• **Task brief**:
In the records that follow, find each line containing "close" and copy it.

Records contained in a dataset

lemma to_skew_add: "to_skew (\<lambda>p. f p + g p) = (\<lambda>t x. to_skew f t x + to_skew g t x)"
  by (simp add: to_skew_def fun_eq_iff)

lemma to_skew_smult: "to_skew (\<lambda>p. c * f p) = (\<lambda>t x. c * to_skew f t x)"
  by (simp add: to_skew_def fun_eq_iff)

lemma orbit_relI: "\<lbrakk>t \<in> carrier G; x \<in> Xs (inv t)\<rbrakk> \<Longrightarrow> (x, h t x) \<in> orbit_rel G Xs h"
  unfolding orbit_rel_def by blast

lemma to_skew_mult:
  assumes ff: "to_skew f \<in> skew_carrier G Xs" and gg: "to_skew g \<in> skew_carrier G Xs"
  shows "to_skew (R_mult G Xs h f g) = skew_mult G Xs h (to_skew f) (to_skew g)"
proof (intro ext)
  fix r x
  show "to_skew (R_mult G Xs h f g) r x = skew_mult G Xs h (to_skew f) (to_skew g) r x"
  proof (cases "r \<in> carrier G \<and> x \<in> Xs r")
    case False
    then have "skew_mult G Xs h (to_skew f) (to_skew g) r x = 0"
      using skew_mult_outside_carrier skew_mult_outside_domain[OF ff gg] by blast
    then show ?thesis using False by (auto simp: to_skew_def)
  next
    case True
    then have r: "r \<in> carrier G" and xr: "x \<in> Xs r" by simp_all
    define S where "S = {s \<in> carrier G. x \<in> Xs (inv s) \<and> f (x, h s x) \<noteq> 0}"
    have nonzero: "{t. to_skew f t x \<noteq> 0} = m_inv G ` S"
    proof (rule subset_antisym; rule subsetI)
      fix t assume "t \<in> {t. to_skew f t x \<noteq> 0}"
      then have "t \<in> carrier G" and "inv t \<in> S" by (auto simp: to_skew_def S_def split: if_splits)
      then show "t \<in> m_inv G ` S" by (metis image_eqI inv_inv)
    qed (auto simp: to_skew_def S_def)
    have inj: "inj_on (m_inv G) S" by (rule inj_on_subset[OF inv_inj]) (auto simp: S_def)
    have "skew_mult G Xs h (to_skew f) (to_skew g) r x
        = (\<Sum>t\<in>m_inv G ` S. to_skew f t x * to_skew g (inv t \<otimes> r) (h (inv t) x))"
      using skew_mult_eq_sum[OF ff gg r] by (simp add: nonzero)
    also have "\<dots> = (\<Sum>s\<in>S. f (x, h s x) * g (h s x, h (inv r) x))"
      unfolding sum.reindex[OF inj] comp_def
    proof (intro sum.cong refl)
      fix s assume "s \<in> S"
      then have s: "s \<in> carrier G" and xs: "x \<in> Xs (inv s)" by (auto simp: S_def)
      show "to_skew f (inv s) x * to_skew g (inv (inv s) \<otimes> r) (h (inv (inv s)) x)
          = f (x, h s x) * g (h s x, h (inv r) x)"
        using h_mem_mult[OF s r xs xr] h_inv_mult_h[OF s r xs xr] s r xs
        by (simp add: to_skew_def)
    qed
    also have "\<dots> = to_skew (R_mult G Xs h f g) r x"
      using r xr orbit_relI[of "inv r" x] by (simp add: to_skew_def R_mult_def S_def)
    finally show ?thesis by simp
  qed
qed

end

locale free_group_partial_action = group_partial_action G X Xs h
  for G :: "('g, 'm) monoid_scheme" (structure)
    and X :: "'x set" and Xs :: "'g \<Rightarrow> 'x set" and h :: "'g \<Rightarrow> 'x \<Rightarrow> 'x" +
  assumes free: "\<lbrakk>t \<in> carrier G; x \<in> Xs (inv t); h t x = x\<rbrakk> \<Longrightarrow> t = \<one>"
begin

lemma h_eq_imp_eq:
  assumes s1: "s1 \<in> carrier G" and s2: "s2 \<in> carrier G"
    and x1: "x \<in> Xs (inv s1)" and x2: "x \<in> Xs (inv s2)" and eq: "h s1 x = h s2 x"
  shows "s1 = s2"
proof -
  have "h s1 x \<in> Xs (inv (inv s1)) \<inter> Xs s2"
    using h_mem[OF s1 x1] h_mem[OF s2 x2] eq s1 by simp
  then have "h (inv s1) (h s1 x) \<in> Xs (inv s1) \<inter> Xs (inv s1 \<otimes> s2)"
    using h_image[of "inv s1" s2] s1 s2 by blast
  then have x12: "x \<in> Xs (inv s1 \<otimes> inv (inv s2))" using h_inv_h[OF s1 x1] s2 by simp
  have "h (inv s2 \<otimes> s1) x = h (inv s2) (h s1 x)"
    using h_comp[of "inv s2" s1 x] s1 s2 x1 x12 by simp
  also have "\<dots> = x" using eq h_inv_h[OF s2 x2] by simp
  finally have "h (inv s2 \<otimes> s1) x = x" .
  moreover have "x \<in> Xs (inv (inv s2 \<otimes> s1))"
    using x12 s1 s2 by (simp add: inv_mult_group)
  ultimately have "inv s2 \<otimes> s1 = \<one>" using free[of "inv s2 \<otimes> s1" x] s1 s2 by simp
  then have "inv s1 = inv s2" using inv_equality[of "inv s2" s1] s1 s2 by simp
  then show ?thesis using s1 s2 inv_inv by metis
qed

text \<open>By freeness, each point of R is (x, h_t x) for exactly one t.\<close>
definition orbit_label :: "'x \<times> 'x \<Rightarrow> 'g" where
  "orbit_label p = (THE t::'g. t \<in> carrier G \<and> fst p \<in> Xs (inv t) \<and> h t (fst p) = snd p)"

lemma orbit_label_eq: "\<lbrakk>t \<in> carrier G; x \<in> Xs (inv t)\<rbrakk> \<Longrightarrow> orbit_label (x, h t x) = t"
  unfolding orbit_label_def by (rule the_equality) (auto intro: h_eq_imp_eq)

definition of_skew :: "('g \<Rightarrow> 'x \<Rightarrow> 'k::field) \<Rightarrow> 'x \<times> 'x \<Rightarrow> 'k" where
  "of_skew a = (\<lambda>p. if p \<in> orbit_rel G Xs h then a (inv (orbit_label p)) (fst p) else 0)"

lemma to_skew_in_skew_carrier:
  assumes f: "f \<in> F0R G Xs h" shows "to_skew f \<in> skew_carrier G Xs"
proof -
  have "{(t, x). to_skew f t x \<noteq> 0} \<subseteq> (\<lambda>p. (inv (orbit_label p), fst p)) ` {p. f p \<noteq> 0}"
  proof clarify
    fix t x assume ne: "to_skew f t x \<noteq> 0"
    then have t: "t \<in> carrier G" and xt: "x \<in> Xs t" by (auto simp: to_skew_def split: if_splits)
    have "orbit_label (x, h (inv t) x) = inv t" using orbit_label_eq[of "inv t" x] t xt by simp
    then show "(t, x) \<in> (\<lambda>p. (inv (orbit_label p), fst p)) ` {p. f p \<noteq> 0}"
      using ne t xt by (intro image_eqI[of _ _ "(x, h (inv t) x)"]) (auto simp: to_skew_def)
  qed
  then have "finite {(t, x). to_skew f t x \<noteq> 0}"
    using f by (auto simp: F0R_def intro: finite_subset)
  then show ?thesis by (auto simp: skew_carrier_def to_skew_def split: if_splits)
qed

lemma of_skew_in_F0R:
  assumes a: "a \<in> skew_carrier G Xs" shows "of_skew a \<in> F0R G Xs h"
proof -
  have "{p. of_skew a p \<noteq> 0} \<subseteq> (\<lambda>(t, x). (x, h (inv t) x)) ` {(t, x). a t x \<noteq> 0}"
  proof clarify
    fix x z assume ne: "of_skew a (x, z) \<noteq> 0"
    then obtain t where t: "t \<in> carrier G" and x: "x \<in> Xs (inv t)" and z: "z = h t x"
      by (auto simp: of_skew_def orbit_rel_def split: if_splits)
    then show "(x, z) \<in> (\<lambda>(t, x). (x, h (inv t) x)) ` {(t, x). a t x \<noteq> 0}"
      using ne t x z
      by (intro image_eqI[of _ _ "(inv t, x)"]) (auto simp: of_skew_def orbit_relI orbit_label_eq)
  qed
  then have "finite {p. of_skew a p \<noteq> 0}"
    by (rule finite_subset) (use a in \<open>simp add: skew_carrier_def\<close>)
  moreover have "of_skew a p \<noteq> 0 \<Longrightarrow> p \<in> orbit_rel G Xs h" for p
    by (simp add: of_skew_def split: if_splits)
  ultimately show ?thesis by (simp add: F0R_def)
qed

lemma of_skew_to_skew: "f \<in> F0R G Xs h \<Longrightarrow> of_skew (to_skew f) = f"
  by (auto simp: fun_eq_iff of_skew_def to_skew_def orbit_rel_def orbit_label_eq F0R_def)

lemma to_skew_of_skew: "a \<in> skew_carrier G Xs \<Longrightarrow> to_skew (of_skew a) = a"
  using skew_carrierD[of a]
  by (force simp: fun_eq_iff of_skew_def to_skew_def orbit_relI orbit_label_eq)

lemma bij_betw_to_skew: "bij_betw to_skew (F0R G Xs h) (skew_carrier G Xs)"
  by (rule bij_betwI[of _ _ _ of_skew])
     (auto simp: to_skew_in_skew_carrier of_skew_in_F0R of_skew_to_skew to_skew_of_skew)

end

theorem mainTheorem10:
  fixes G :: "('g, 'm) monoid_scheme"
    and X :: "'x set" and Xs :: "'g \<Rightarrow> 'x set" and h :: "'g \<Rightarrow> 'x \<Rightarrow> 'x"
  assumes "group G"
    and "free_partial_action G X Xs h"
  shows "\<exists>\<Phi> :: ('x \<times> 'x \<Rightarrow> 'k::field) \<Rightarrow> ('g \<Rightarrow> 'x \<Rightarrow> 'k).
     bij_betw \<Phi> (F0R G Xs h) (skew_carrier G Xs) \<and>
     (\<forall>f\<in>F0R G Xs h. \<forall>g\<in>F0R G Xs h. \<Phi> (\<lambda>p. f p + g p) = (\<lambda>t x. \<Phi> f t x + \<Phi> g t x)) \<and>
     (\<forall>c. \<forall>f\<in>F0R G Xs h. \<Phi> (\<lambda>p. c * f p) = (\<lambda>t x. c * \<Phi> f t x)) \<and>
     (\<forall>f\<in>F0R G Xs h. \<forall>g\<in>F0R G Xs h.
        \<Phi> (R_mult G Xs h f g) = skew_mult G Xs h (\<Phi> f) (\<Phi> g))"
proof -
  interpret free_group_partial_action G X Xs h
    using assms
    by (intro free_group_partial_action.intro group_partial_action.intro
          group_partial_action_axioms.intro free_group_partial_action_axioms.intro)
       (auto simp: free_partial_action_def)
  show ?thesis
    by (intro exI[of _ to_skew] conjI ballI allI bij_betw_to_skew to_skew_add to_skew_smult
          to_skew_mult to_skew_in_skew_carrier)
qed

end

==

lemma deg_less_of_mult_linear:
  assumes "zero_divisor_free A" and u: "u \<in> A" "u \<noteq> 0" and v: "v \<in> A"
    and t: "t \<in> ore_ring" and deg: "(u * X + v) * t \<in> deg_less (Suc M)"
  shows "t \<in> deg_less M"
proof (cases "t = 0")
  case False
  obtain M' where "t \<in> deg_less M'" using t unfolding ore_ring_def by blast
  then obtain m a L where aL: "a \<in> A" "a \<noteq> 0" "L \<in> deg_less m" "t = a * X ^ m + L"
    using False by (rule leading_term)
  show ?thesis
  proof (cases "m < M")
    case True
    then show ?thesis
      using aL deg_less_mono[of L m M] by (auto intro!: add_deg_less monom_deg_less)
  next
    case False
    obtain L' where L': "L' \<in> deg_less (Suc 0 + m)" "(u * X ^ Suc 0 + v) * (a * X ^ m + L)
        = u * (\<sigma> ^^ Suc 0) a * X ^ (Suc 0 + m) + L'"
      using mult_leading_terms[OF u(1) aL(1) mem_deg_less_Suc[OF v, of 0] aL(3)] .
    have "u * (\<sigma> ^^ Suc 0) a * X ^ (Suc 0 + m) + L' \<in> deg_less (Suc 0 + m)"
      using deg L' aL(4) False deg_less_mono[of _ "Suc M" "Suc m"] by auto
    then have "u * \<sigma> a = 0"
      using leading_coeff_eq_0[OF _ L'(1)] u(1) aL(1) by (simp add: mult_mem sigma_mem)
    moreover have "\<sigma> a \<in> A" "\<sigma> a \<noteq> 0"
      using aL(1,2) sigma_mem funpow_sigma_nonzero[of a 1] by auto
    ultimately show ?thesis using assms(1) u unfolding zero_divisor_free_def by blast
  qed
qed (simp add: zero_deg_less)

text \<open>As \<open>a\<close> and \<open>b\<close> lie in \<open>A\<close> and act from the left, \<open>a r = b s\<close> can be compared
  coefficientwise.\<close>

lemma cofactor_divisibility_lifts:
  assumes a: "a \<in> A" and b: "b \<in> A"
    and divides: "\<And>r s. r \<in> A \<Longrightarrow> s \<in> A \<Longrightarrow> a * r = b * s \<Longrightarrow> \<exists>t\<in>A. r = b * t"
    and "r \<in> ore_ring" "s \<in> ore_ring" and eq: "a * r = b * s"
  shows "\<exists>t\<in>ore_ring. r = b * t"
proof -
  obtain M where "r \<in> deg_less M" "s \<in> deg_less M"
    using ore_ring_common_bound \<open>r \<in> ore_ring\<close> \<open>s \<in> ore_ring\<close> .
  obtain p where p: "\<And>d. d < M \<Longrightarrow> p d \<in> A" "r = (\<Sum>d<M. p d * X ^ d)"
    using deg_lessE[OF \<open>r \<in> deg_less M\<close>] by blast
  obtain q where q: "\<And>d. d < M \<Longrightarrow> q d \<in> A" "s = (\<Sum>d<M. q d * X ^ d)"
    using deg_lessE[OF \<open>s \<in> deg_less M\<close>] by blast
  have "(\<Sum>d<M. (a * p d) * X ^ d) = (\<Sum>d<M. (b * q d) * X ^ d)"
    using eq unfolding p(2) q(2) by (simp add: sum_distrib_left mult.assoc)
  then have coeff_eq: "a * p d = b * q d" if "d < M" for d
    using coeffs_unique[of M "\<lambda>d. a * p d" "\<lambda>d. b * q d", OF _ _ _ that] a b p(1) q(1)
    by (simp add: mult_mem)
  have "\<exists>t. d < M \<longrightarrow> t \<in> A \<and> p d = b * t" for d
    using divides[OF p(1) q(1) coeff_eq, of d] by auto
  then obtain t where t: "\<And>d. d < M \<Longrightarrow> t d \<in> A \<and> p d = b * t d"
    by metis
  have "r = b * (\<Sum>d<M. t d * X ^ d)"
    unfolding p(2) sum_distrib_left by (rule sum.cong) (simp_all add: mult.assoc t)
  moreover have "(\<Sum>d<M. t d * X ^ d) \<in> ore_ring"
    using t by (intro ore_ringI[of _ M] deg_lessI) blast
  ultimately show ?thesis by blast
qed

* * *

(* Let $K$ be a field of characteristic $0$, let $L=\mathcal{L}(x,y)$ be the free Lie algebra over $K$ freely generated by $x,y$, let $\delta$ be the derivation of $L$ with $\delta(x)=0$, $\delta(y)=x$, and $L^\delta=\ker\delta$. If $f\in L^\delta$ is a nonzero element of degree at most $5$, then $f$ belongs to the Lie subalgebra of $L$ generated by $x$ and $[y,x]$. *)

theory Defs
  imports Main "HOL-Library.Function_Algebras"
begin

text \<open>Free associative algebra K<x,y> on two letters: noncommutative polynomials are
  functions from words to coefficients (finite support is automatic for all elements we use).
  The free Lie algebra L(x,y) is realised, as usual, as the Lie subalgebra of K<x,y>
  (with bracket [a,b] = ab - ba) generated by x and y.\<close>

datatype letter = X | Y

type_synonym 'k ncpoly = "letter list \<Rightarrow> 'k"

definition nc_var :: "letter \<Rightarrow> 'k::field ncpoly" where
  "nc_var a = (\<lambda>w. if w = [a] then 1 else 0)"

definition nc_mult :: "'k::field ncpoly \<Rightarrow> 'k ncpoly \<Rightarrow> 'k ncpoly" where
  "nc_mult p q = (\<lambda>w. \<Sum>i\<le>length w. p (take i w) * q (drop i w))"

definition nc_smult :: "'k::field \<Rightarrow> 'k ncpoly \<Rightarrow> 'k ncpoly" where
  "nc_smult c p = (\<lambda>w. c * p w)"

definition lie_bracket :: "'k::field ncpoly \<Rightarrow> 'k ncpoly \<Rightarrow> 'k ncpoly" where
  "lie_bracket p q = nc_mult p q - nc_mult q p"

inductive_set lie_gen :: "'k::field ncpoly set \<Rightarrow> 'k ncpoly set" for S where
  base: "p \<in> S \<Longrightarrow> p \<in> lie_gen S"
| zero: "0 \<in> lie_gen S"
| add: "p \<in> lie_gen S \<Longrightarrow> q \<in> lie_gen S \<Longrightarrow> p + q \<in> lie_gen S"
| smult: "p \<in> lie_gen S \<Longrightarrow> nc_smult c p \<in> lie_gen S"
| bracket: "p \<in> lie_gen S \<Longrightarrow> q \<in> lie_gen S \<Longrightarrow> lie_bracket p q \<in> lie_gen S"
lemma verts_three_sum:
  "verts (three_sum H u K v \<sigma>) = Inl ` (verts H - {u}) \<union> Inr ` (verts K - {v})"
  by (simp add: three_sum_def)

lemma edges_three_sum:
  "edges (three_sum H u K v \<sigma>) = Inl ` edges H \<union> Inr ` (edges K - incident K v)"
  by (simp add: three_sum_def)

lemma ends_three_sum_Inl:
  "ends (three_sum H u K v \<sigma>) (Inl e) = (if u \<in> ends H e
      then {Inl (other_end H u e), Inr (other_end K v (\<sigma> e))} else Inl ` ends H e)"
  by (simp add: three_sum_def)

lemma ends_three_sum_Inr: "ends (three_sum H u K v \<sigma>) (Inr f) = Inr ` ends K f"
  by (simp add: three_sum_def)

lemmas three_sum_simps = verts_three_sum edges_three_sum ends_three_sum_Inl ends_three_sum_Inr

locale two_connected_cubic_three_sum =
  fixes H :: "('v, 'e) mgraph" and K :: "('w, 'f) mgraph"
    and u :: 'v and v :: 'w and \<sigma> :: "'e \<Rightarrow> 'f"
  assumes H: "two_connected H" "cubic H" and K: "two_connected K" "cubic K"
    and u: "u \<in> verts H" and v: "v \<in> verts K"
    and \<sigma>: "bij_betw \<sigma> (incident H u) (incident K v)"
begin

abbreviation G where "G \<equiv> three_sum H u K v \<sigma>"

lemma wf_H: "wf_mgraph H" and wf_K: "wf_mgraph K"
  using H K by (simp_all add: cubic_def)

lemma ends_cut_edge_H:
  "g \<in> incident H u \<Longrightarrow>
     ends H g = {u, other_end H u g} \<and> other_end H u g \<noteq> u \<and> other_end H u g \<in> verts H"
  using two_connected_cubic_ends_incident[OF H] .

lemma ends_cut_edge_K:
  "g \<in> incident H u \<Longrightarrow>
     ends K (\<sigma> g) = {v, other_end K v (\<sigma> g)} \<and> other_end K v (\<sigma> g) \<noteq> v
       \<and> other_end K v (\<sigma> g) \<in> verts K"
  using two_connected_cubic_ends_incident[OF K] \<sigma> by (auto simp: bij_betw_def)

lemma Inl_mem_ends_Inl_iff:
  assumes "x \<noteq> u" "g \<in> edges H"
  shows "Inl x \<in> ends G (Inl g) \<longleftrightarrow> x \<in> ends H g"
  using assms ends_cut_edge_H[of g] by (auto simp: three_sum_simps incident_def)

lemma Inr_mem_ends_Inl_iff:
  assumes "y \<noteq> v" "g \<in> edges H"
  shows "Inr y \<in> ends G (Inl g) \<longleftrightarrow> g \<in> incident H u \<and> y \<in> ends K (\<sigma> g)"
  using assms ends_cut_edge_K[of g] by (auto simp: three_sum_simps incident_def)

• **Answer to this task**:
text \<open>By freeness, each point of R is (x, h_t x) for exactly one t.\<close>
    by (rule finite_subset) (use a in \<open>simp add: skew_carrier_def\<close>)
text \<open>As \<open>a\<close> and \<open>b\<close> lie in \<open>A\<close> and act from the left, \<open>a r = b s\<close> can be compared
  coefficientwise.\<close>
    using ore_ring_common_bound \<open>r \<in> ore_ring\<close> \<open>s \<in> ore_ring\<close> .
    using deg_lessE[OF \<open>r \<in> deg_less M\<close>] by blast
    using deg_lessE[OF \<open>s \<in> deg_less M\<close>] by blast
  (with bracket [a,b] = ab - ba) generated by x and y.\<close>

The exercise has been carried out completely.